Ho la vostra attenzione? Bene, avanti: il 21 settembre del 1956, durante alcuni voli di test, il pilota collaudatore della Grumman Thomas gatto nero Attridge Jr. stava volando al largo della costa di Long Island a circa 20.000 piedi quando iniziò una ripida picchiata con il muso dell’aereo a 20° sotto la linea dell’orizzonte. A 13.000 piedi Attridge sparò una veloce raffica – durò circa 4 secondi – dai quattro cannoni Colt Mk.12 da 20 mm che equipaggiavano il suo aereo. A quel punto Attridge diede tutta manetta, inserendo il postbruciatore e procedendo nella picchiata aumentando la pendenza e sparando una seconda raffica per svuotare del tutto i caricatori. Mentre la picchiata proseguiva velocemente, a circa 7.000 piedi, il parabrezza esplose violentemente e il motore iniziò a tossire e a fare dei brutti rumori. Attridge cercò quindi di fare rotta verso la vicina base della Grumman, con l’intento di riportare a casa se stesso e il suo aeroplano: a due miglia di distanza dalla base e a 1.200 piedi di quota (ca. 360 metri, poca roba), con carrelli fuori, flap estesi e motore al minimo divenne evidente che l’aereo non ce l’avrebbe fatta. Attridge tentò di tornare sulla manetta ma, come lui stesso ebbe a dire, il J65 iniziò a fare il rumore “di un aspirapolvere Hoover che aspira ghiaia” per poi spegnersi definitivamente.
– rarissima fotografia dell’archivio USAF che ritrae l’espressione di Thomas Ridge-Att Jr. in quel momento –
A questo punto Thomas-palle-d’acciaio-Attridge optò per un atterraggio di fortuna, infilandosi fra gli alberi di un bosco che sorge poco prima dell’inizio della pista: nell’impatto l’aereo perse l’ala destra e uno stabilizzatore e scavò un fosso lungo 300 piedi. Appena fermo il carburante prese fuoco ma Thomas-culo-infinito-Attridge riuscì a slegarsi e ad abbandonare l’aereo seppur gravemente ferito, per poi venir tratto in salvo da un Sikorsky S-58 mandato apposta per lui che a momenti cade dopo che il pilota, a voler fare lo sborone, aveva danneggiato le pale del rotore principale contro gli alberi.
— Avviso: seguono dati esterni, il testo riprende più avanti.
theorem mainTheorem19:
  fixes n :: nat and A :: "real mat" and b0 :: "real vec" and \<beta> r g0 gn zs :: real and xs :: "real vec"
  assumes "n \<ge> 1"
    and "metzler n A" and "hurwitz n A"
    and "b0 \<in> carrier_vec n" and "\<forall>i<n. 0 \<le> b0 $ i"
    and "\<beta> > 0"
    and "g0 = - (minv n A *\<^sub>v b0) $ (n - 1)"
    and "gn = - (minv n A *\<^sub>v unit_vec n (n - 1)) $ (n - 1)"
    and "g0 / (1 + \<beta> * gn) < r" and "r < g0"
    and "zs = (g0 - r) / (gn * r)"
    and "xs = - (minv n A *\<^sub>v (b0 - (r * zs) \<cdot>\<^sub>v unit_vec n (n - 1)))"
  shows "0 < zs \<and> zs < \<beta> \<and>
    (\<forall>k>0. field n A b0 k \<beta> r (xs @\<^sub>v vec 1 (\<lambda>_. zs)) = 0\<^sub>v (n + 1) \<and>
           loc_exp_stable (n + 1) (field n A b0 k \<beta> r) (xs @\<^sub>v vec 1 (\<lambda>_. zs)))"
proof -
  have n0: "n > 0" and m: "n - 1 < n" using assms(1) by auto
  have A: "A \<in> carrier_mat n n" using assms(2) unfolding metzler_def by auto
  obtain P where P: "diag_lyapunov n (\<lambda>i j. A $$ (i, j)) P"
    using metzler_hurwitz_diag_lyapunov[OF assms(2,3) n0] by blast
  have det: "det A \<noteq> 0" by (rule diag_lyapunov_det_nonzero[OF P A])
  have gn: "gn > 0" using diag_lyapunov_minv_diag_neg[OF P A m] assms(8) by simp
  have r: "0 < r" and zs: "0 < zs" "zs < \<beta>"
    using equilibrium_z_bounds[OF assms(6) gn assms(9,10)] assms(11) by auto
  have Axs: "A *\<^sub>v xs = (r * zs) \<cdot>\<^sub>v unit_vec n (n - 1) - b0"
    and "xs $ (n - 1) = g0 - r * zs * gn"
    using minv_equilibrium[OF A det assms(4) m assms(12)] assms(7,8) by (simp_all add: algebra_simps)
  hence xr: "xs $ (n - 1) = r" using r gn assms(11) by simp
  have xs: "xs \<in> carrier_vec n" using assms(12) minv_inverse(1)[OF A det] assms(4) by simp
  have L: "diag_lyapunov n (\<lambda>i j. A $$ (i, j) - (if i = j then if i = n - 1 then zs else 0 else 0)) P"
    by (rule diag_lyapunov_diff_diag[OF P]) (use zs in auto)
  have "hurwitz (Suc n) (bordered_mat n (\<lambda>i j. A $$ (i, j) - (if i = j then if i = n - 1 then zs else 0 else 0))
      (n - 1) r (k / \<beta> * zs * (\<beta> - zs)))" if "k > 0" for k
    by (intro bordered_mat_hurwitz[OF L m r] mult_pos_pos divide_pos_pos) (use zs assms(6) that in auto)
  thus ?thesis
    using zs field_equilibrium[OF A assms(4) n0 xs Axs xr] jacobian_field[OF A assms(4) n0 xs xr]
    unfolding loc_exp_stable_def by simp
qed

end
Mi viene da dire che a quel giorno a Thomas andò di culo.
Un indagine successiva arrivò a concludere che l’F-11 era stato colpito da tre proiettili da 20 mm che lui stesso aveva sparato. Il primo bucò il parabrezza, il secondo il muso e il terzo finì dentro la presa d’aria destra, colpendo le “guide vanes” del compressore e incastrandosi nel primo stadio di quest’ultimo. Quello che quindi all’inizio sembrava un violento fenomeno di bird strike, alla fine si rivelò nella sua sfigatissima verità: appena usciti dalle bocche da fuoco dei cannoni, i proiettili erano passati da circa 2.000 mph (velocità della volata del cannone più la velocità dell’aereo) ad una velocità molto più bassa a causa dell’attrito dell’aria, andando ad incrociare la loro traiettoria con quella dell’aereo che nel frattempo continuava ad accelerare con il post-bruciatore inserito… abbattendosi in maniera clamorosa da solo.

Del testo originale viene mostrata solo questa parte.